→ ABOUT THIS TASK
Below this sentence is a listing; return exactly its lines from the one with "T = card T'" to the one with "by (rule inj_onI) blast", both kept, and nothing more.
((
lemma bessel_series_zero_in_interval:
  assumes nu: "-1 < nu" and A: "nu\<^sup>2 + 2 \<le> A"
  shows "\<exists>y\<in>{A..A + 2 * pi}. bessel_series nu (y\<^sup>2) = 0"
proof -
  \<comment> \<open>u is a constant multiple of the Liouville normal form sqrt y * J_nu y of the Bessel function.\<close>
  define a where "a = nu + 1/2"
  define u where "u y = y powr a * bessel_series nu (y\<^sup>2)" for y
  define u' where
    "u' y = y powr (a - 1) * (a * bessel_series nu (y\<^sup>2) + 2 * y\<^sup>2 * bessel_series' nu (y\<^sup>2))" for y
  define q where "q y = 1 - (nu\<^sup>2 - 1/4) / y\<^sup>2" for y
  have "(u has_real_derivative u' y) (at y)" if "0 < y" for y
    unfolding u_def u'_def using nu that
    by (auto intro!: derivative_eq_intros) (simp add: powr_diff field_simps power2_eq_square)
  moreover have "(u' has_real_derivative - q y * u y) (at y)" if "0 < y" for y
  proof -
    let ?B = "bessel_series nu (y\<^sup>2)" and ?B' = "bessel_series' nu (y\<^sup>2)"
      and ?B'' = "bessel_series'' nu (y\<^sup>2)"
    have "(u' has_real_derivative y powr a / y\<^sup>2 *
        (a * (a - 1) * ?B + (4 * a + 2) * y\<^sup>2 * ?B' + 4 * y\<^sup>2 * (y\<^sup>2 * ?B''))) (at y)"
      unfolding u'_def using nu that
      by (auto intro!: derivative_eq_intros) (simp add: powr_diff field_simps power2_eq_square)
    moreover have ode: "y\<^sup>2 * ?B'' = - (nu + 1) * ?B' - ?B / 4"
      using bessel_series_ode[OF nu, of "y\<^sup>2"] by (simp add: algebra_simps)
    have "a * (a - 1) * ?B + (4 * a + 2) * y\<^sup>2 * ?B' + 4 * y\<^sup>2 * (y\<^sup>2 * ?B'')
        = (a * (a - 1) - y\<^sup>2) * ?B"
      unfolding ode by (simp add: a_def algebra_simps)
    moreover have "y powr a / y\<^sup>2 * ((a * (a - 1) - y\<^sup>2) * ?B) = - q y * u y"
      using that unfolding q_def u_def a_def by (simp add: field_simps power2_eq_square)
    ultimately show ?thesis by simp
  qed
  moreover have "1/4 < q y" if "A \<le> y" for y
  proof -
    have "2 \<le> y" "nu\<^sup>2 \<le> y" using A that zero_le_power2[of nu] by linarith+
    moreover have "y \<le> y\<^sup>2 / 2"
      using \<open>2 \<le> y\<close> by (simp add: power2_eq_square)
    ultimately have "nu\<^sup>2 - 1/4 < 3/4 * y\<^sup>2" by simp
    then show ?thesis using \<open>2 \<le> y\<close> by (simp add: q_def field_simps)
  qed
  moreover have "0 < A" using A zero_le_power2[of nu] by linarith
  ultimately have "\<exists>y\<in>{A..A + 2 * pi}. u y = 0"
    by (intro sturm_comparison_zero[of A u u' q]) auto
  then show ?thesis using \<open>0 < A\<close> by (auto simp: u_def)
qed
lemma doubly_active_segments_disjoint:
  assumes p: "p \<in> active P u \<inter> active P v"
    and w: "w \<in> P" "w \<notin> {p, u, v}" and w': "w' \<in> P" "w' \<notin> {p, u, v}"
    and pw: "p \<in> convex hull {u, v, w}" and pw': "p \<notin> convex hull {u, v, w'}"
  shows "closed_segment u w \<inter> closed_segment v w' = {}"
proof (rule ccontr)
  assume "closed_segment u w \<inter> closed_segment v w' \<noteq> {}"
  then obtain z where zw: "z \<in> closed_segment u w" and zw': "z \<in> closed_segment v w'" by blast
  have "closed_segment u w \<subseteq> convex hull {u, v, w}"
    "closed_segment v w' \<subseteq> convex hull {w', v, w}" "closed_segment v w' \<subseteq> convex hull {u, v, w'}"
    by (intro closed_segment_subset_convex_hull; simp add: hull_inc)+
  with zw zw' have z: "z \<in> convex hull {u, v, w}" "z \<in> convex hull {w', v, w}" "z \<in> convex hull {u, v, w'}"
    by auto
  from in_triangle_exchange[OF z(1) pw] show False
  proof (elim disjE)
    assume "p \<in> convex hull {z, v, w}"
    moreover have "convex hull {z, v, w} \<subseteq> convex hull {w', v, w}"
      using z(2) by (intro convex_hull_subset) (auto intro: hull_inc)
    moreover have "{w', v, w} \<subseteq> P - {u, p}"
      using w w' vertices doubly_activeD[OF p] by auto
    ultimately show False using active_not_in_hull p by blast
  next
    assume "p \<in> convex hull {u, z, w}"
    moreover have "convex hull {u, z, w} \<subseteq> closed_segment u w"
      using zw unfolding segment_convex_hull by (intro convex_hull_subset) (auto intro: hull_inc)
    moreover have "p \<notin> closed_segment u w"
      using doubly_activeD[OF p] w vertices by (intro not_in_segment) auto
    ultimately show False by blast
  next
    assume "p \<in> convex hull {u, v, z}"
    moreover have "convex hull {u, v, z} \<subseteq> convex hull {u, v, w'}"
      using z(3) by (intro convex_hull_subset) (auto intro: hull_inc)
    ultimately show False using pw' by blast
  qed
qed

lemma doubly_active_pair_triangles:
  assumes p: "p \<in> active P u \<inter> active P v" and q: "q \<in> active P u \<inter> active P v" and "p \<noteq> q"
  obtains w w' where "w \<in> P" "w \<notin> {p, q, u, v}" "w' \<in> P" "w' \<notin> {p, q, u, v}"
    "p \<in> convex hull {u, v, w}" "q \<notin> convex hull {u, v, w}"
    "q \<in> convex hull {u, v, w'}" "p \<notin> convex hull {u, v, w'}"
proof -
  have pu: "p \<in> active P u" and qu: "q \<in> active P u" using p q by auto
  obtain w where w: "w \<in> P - {p, q}" "w \<noteq> u" "w \<noteq> v" "p \<in> convex hull {u, v, w}"
    using doubly_active_in_triangle[OF p _ active_pair_in_hull[OF pu qu \<open>p \<noteq> q\<close>]] by blast
  obtain w' where w': "w' \<in> P - {q, p}" "w' \<noteq> u" "w' \<noteq> v" "q \<in> convex hull {u, v, w'}"
    using doubly_active_in_triangle[OF q _ active_pair_in_hull[OF qu pu \<open>p \<noteq> q\<close>[symmetric]]] by blast
  have "q \<notin> convex hull {u, v, w}"
    using doubly_active_not_in_same_triangle[OF p q \<open>p \<noteq> q\<close> _ _ w(4)] w by auto
  moreover have "p \<notin> convex hull {u, v, w'}"
    using doubly_active_not_in_same_triangle[OF q p \<open>p \<noteq> q\<close>[symmetric] _ _ w'(4)] w' by auto
  ultimately show ?thesis using that w w' by auto
qed
lemma var_sum_eq_sum_cov:
  fixes X :: "'i \<Rightarrow> 'a \<Rightarrow> real"
  assumes "prob_space M" "finite I"
    and meas: "\<And>i. i \<in> I \<Longrightarrow> X i \<in> borel_measurable M"
    and sq: "\<And>i. i \<in> I \<Longrightarrow> integrable M (\<lambda>x. (X i x)\<^sup>2)"
  shows "var M (\<lambda>x. \<Sum>i\<in>I. X i x) = (\<Sum>i\<in>I. \<Sum>j\<in>I. cov M (X i) (X j))"
proof -
  interpret prob_space M by fact
  define \<mu> where "\<mu> i = (\<integral>y. X i y \<partial>M)" for i
  have int: "integrable M (X i)" if "i \<in> I" for i
    using square_integrable_imp_integrable meas sq that by blast
  have int_prod: "integrable M (\<lambda>x. (X i x - \<mu> i) * (X j x - \<mu> j))" if "i \<in> I" "j \<in> I" for i j
  proof -
    have "integrable M (\<lambda>x. X i x * X j x)"
      using that by (intro integrable_mult_of_square_integrable meas sq)
    then show ?thesis
      using int that by (simp add: algebra_simps)
  qed
  have "(\<integral>y. (\<Sum>i\<in>I. X i y) \<partial>M) = (\<Sum>i\<in>I. \<mu> i)"
    unfolding \<mu>_def using int by (simp add: integral_sum)
  then have "var M (\<lambda>x. \<Sum>i\<in>I. X i x) =
      (\<integral>x. (\<Sum>i\<in>I. \<Sum>j\<in>I. (X i x - \<mu> i) * (X j x - \<mu> j)) \<partial>M)"
    unfolding var_def power2_eq_square by (simp add: sum_subtractf[symmetric] sum_product)
  also have "\<dots> = (\<Sum>i\<in>I. \<Sum>j\<in>I. (\<integral>x. (X i x - \<mu> i) * (X j x - \<mu> j) \<partial>M))"
    using int_prod by (simp add: integral_sum)
  finally show ?thesis unfolding cov_def \<mu>_def .
qed

section \<open>Tridiagonal quadratic forms\<close>

lemma sum_sum_diagonal:
  fixes q :: "nat \<Rightarrow> real"
  shows "(\<Sum>i=1..K. \<Sum>j=1..K. q i * q j * (if i = j then 1 else 0)) = (\<Sum>i=1..K. (q i)\<^sup>2)"
  by (intro sum.cong refl) (simp add: if_distrib power2_eq_square cong: if_cong)

lemma sum_sum_adjacent:
  fixes q :: "nat \<Rightarrow> real"
  shows "(\<Sum>i=1..K. \<Sum>j=1..K. q i * q j * (if \<bar>int i - int j\<bar> = 1 then 1 else 0)) =
    2 * (\<Sum>i\<in>{1..<K}. q i * q (i+1))"
proof (induction K)
  case 0
  then show ?case by simp
next
  case (Suc K)
  have new_row: "(\<Sum>j=1..K. q (Suc K) * q j * (if \<bar>int (Suc K) - int j\<bar> = 1 then 1 else 0)) =
      (if K \<ge> 1 then q K * q (Suc K) else 0)"
  proof -
    have "(\<Sum>j=1..K. q (Suc K) * q j * (if \<bar>int (Suc K) - int j\<bar> = 1 then 1 else 0)) =
        (\<Sum>j\<in>{1..K}. if j = K then q (Suc K) * q j else 0)"
      by (rule sum.cong) auto
    then show ?thesis by simp
  qed
  have new_col: "(\<Sum>i=1..K. q i * q (Suc K) * (if \<bar>int i - int (Suc K)\<bar> = 1 then 1 else 0)) =
      (if K \<ge> 1 then q K * q (Suc K) else 0)"
  proof -
    have "(\<Sum>i=1..K. q i * q (Suc K) * (if \<bar>int i - int (Suc K)\<bar> = 1 then 1 else 0)) =
        (\<Sum>i\<in>{1..K}. if i = K then q i * q (Suc K) else 0)"
      by (rule sum.cong) auto
    then show ?thesis by simp
  qed
  have "(\<Sum>i=1..Suc K. \<Sum>j=1..Suc K. q i * q j * (if \<bar>int i - int j\<bar> = 1 then 1 else 0)) =
      (\<Sum>i=1..K. \<Sum>j=1..K. q i * q j * (if \<bar>int i - int j\<bar> = 1 then 1 else 0))
      + (\<Sum>i=1..K. q i * q (Suc K) * (if \<bar>int i - int (Suc K)\<bar> = 1 then 1 else 0))
      + (\<Sum>j=1..K. q (Suc K) * q j * (if \<bar>int (Suc K) - int j\<bar> = 1 then 1 else 0))"
    by (simp add: sum.distrib)
  also have "\<dots> = 2 * (\<Sum>i\<in>{1..<Suc K}. q i * q (i+1))"
    unfolding Suc.IH new_row new_col by (cases "K = 0") auto
  finally show ?case .
qed

lemma abs_sum_adjacent_le_sum_squares:
  fixes q :: "nat \<Rightarrow> real"
  shows "\<bar>\<Sum>i\<in>{1..<K}. q i * q (i+1)\<bar> \<le> (\<Sum>i=1..K. (q i)\<^sup>2)"
proof -
  have shifted: "(\<Sum>i\<in>{1..<K}. (q (i+1))\<^sup>2) \<le> (\<Sum>i=1..K. (q i)\<^sup>2)"
  proof -
    have "(\<Sum>i\<in>Suc ` {1..<K}. (q i)\<^sup>2) = (\<Sum>i\<in>{1..<K}. (q (i+1))\<^sup>2)"
      by (rule sum.reindex_cong[of Suc]) auto
    then have "(\<Sum>i\<in>{1..<K}. (q (i+1))\<^sup>2) = (\<Sum>i\<in>Suc ` {1..<K}. (q i)\<^sup>2)"
      by simp
    also have "\<dots> \<le> (\<Sum>i=1..K. (q i)\<^sup>2)"
      by (intro sum_mono2) auto
    finally show ?thesis .
  qed
  have unshifted: "(\<Sum>i\<in>{1..<K}. (q i)\<^sup>2) \<le> (\<Sum>i=1..K. (q i)\<^sup>2)"
    by (intro sum_mono2) auto
  have "\<bar>\<Sum>i\<in>{1..<K}. q i * q (i+1)\<bar> \<le> (\<Sum>i\<in>{1..<K}. ((q i)\<^sup>2 + (q (i+1))\<^sup>2) / 2)"
    using abs_mult_le_half_sum_squares by (intro order_trans[OF sum_abs] sum_mono)
  also have "\<dots> = ((\<Sum>i\<in>{1..<K}. (q i)\<^sup>2) + (\<Sum>i\<in>{1..<K}. (q (i+1))\<^sup>2)) / 2"
    by (simp add: sum.distrib sum_divide_distrib[symmetric])
  also have "\<dots> \<le> (\<Sum>i=1..K. (q i)\<^sup>2)"
    using shifted unshifted by simp
  finally show ?thesis .
qed

lemma var_sum_tridiagonal:
  fixes W :: "nat \<Rightarrow> 'a \<Rightarrow> real" and p :: "nat \<Rightarrow> real"
  assumes "prob_space M"
    and meas: "\<And>i. i \<in> {1..K} \<Longrightarrow> W i \<in> borel_measurable M"
    and sq: "\<And>i. i \<in> {1..K} \<Longrightarrow> integrable M (\<lambda>x. (W i x)\<^sup>2)"
    and cov_W: "\<And>i j. i \<in> {1..K} \<Longrightarrow> j \<in> {1..K} \<Longrightarrow> cov M (W i) (W j) =
        (if i = j then 1 else 0) + \<rho> * (if \<bar>int i - int j\<bar> = 1 then 1 else 0)"
  shows "var M (\<lambda>x. \<Sum>i=1..K. p i * W i x) =
    (\<Sum>i=1..K. (p i)\<^sup>2) + 2 * \<rho> * (\<Sum>i\<in>{1..<K}. p i * p (i+1))"
proof -
  have "var M (\<lambda>x. \<Sum>i=1..K. p i * W i x) =
      (\<Sum>i=1..K. \<Sum>j=1..K. cov M (\<lambda>x. p i * W i x) (\<lambda>x. p j * W j x))"
    using meas sq by (intro var_sum_eq_sum_cov \<open>prob_space M\<close>) (auto simp: power_mult_distrib)
  also have "\<dots> = (\<Sum>i=1..K. \<Sum>j=1..K. p i * p j * (if i = j then 1 else 0))
      + \<rho> * (\<Sum>i=1..K. \<Sum>j=1..K. p i * p j * (if \<bar>int i - int j\<bar> = 1 then 1 else 0))"
    by (simp add: cov_cmult cov_W distrib_left sum.distrib sum_distrib_left algebra_simps)
  also have "\<dots> = (\<Sum>i=1..K. (p i)\<^sup>2) + 2 * \<rho> * (\<Sum>i\<in>{1..<K}. p i * p (i+1))"
    using sum_sum_diagonal[of p K] sum_sum_adjacent[of p K] by (simp add: mult.assoc)
  finally show ?thesis .
qed

section \<open>Uniform random subsets\<close>

text \<open>The probability that a fixed \<open>a\<close>-element subset of a \<open>K\<close>-set lies in a uniformly
  random \<open>d\<close>-element subset.\<close>

definition incl_prob :: "nat \<Rightarrow> nat \<Rightarrow> nat \<Rightarrow> real" where
  "incl_prob K d a = (\<Prod>j<a. (real d - real j) / (real K - real j))"

lemma incl_prob_eq_0: "d < a \<Longrightarrow> incl_prob K d a = 0"
  unfolding incl_prob_def by (rule prod_zero) (auto intro: bexI[of _ d])

lemma incl_prob_Suc: "incl_prob K d (Suc a) = incl_prob K d a * ((real d - real a) / (real K - real a))"
  unfolding incl_prob_def by simp

lemma incl_prob_nonneg: "d \<le> K \<Longrightarrow> 0 \<le> incl_prob K d a"
  unfolding incl_prob_def
  by (cases "a \<le> d") (auto intro!: prod_nonneg divide_nonneg_nonneg simp: incl_prob_eq_0[unfolded incl_prob_def])

lemma incl_prob_le_1: "d \<le> K \<Longrightarrow> incl_prob K d a \<le> 1"
  unfolding incl_prob_def
  by (cases "a \<le> d") (auto intro!: prod_le_1 divide_nonneg_nonneg
      simp: divide_le_eq_1 incl_prob_eq_0[unfolded incl_prob_def])

lemma incl_prob_add_le:
  assumes "d \<le> K"
  shows "incl_prob K d (a + b) \<le> incl_prob K d a * incl_prob K d b"
proof (induction b)
  case 0
  then show ?case by (simp add: incl_prob_def)
next
  case (Suc b)
  show ?case
  proof (cases "d < a + Suc b")
    case True
    then show ?thesis using incl_prob_eq_0 incl_prob_nonneg[OF assms] by simp
  next
    case False
    define g where "g = (real d - real (a + b)) / (real K - real (a + b))"
    define g' where "g' = (real d - real b) / (real K - real b)"
    have pos: "real K - real (a + b) > 0" "real K - real b > 0" using False assms by auto
    have "real a * real d \<le> real a * real K"
      using assms by (intro mult_left_mono) auto
    then have "(real d - real (a + b)) * (real K - real b) \<le> (real d - real b) * (real K - real (a + b))"
      by (simp add: algebra_simps)
    then have "g \<le> g'" unfolding g_def g'_def using pos by (simp add: divide_le_eq le_divide_eq mult.commute)
    moreover have "0 \<le> g" unfolding g_def using False pos by auto
    ultimately have "incl_prob K d (a + b) * g \<le> incl_prob K d a * incl_prob K d b * g'"
      using Suc.IH incl_prob_nonneg[OF assms]
      by (metis mult_mono mult_nonneg_nonneg order.trans)
    then show ?thesis unfolding g_def g'_def by (simp add: incl_prob_Suc mult.assoc)
  qed
qed

lemma binomial_eq_incl_prob:
  assumes "a \<le> d" "d \<le> K"
  shows "real ((K - a) choose (d - a)) = real (K choose d) * incl_prob K d a"
  using assms(1)
proof (induction a)
  case 0
  then show ?case by (simp add: incl_prob_def)
next
  case (Suc a)
  have "Suc (K - Suc a) * ((K - Suc a) choose (d - Suc a)) =
      (Suc (K - Suc a) choose Suc (d - Suc a)) * Suc (d - Suc a)"
    by (rule Suc_times_binomial_eq)
  moreover have "Suc (K - Suc a) = K - a" "Suc (d - Suc a) = d - a"
    using Suc.prems assms by auto
  ultimately have "real (K - a) * real ((K - Suc a) choose (d - Suc a)) =
      real ((K - a) choose (d - a)) * real (d - a)"
    by (metis of_nat_mult)
  then have "real ((K - Suc a) choose (d - Suc a)) = real ((K - a) choose (d - a)) * real (d - a) / real (K - a)"
    using Suc.prems assms by (simp add: field_simps)
  also have "\<dots> = real (K choose d) * incl_prob K d (Suc a)"
    using Suc assms by (simp add: incl_prob_Suc)
  finally show ?case .
qed

lemma card_supersets_eq:
  assumes "finite U" "card U = K" "d \<le> K" "A \<subseteq> U"
  shows "real (card {T. T \<subseteq> U \<and> card T = d \<and> A \<subseteq> T}) =
    real (card {T. T \<subseteq> U \<and> card T = d}) * incl_prob K d (card A)"
proof (cases "card A \<le> d")
  case True
  have "finite A" using assms finite_subset by blast
  have "{T. T \<subseteq> U \<and> card T = d \<and> A \<subseteq> T} = (\<lambda>T'. T' \<union> A) ` {T'. T' \<subseteq> U - A \<and> card T' = d - card A}"
  proof (intro equalityI subsetI)
    fix T assume "T \<in> {T. T \<subseteq> U \<and> card T = d \<and> A \<subseteq> T}"
    then have "T \<subseteq> U" "card T = d" "A \<subseteq> T" "T = (T - A) \<union> A" by auto
    then show "T \<in> (\<lambda>T'. T' \<union> A) ` {T'. T' \<subseteq> U - A \<and> card T' = d - card A}"
      using \<open>finite A\<close> by (intro image_eqI[of _ _ "T - A"]) (auto simp: card_Diff_subset)
  next
    fix T assume "T \<in> (\<lambda>T'. T' \<union> A) ` {T'. T' \<subseteq> U - A \<and> card T' = d - card A}"
    then obtain T' where T': "T' \<subseteq> U - A" "card T' = d - card A" "T = T' \<union> A" by auto
    moreover have "finite T'" "T' \<inter> A = {}" using T' assms finite_subset by blast+
    ultimately have "card T = card T' + card A"
      using \<open>finite A\<close> by (simp add: card_Un_disjoint)
    then show "T \<in> {T. T \<subseteq> U \<and> card T = d \<and> A \<subseteq> T}" using T' True assms by auto
  qed
  moreover have "inj_on (\<lambda>T'. T' \<union> A) {T'. T' \<subseteq> U - A \<and> card T' = d - card A}"
    by (rule inj_onI) blast
  ultimately have "card {T. T \<subseteq> U \<and> card T = d \<and> A \<subseteq> T} = (K - card A) choose (d - card A)"
    using assms \<open>finite A\<close> by (simp add: card_image n_subsets card_Diff_subset)
  then show ?thesis
    using binomial_eq_incl_prob[OF True assms(3)] assms by (simp add: n_subsets)
next
  case False
  then have "{T. T \<subseteq> U \<and> card T = d \<and> A \<subseteq> T} = {}"
    using assms(1) by (auto dest: card_mono[OF finite_subset])
  then show ?thesis using incl_prob_eq_0[of d "card A"] False by (simp only: card.empty)
qed

definition avg :: "'b set \<Rightarrow> ('b \<Rightarrow> real) \<Rightarrow> real" where
  "avg S g = (\<Sum>T\<in>S. g T) / real (card S)"

definition avg_variance :: "'b set \<Rightarrow> ('b \<Rightarrow> real) \<Rightarrow> real" where
  "avg_variance S g = avg S (\<lambda>T. (g T)\<^sup>2) - (avg S g)\<^sup>2"

lemma avg_cong: "(\<And>T. T \<in> S \<Longrightarrow> f T = g T) \<Longrightarrow> avg S f = avg S g"
  unfolding avg_def by (metis sum.cong)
))
→ WRITTEN REPLY
    ultimately have "card T = card T' + card A"
      using \<open>finite A\<close> by (simp add: card_Un_disjoint)
    then show "T \<in> {T. T \<subseteq> U \<and> card T = d \<and> A \<subseteq> T}" using T' True assms by auto
  qed
  moreover have "inj_on (\<lambda>T'. T' \<union> A) {T'. T' \<subseteq> U - A \<and> card T' = d - card A}"
    by (rule inj_onI) blast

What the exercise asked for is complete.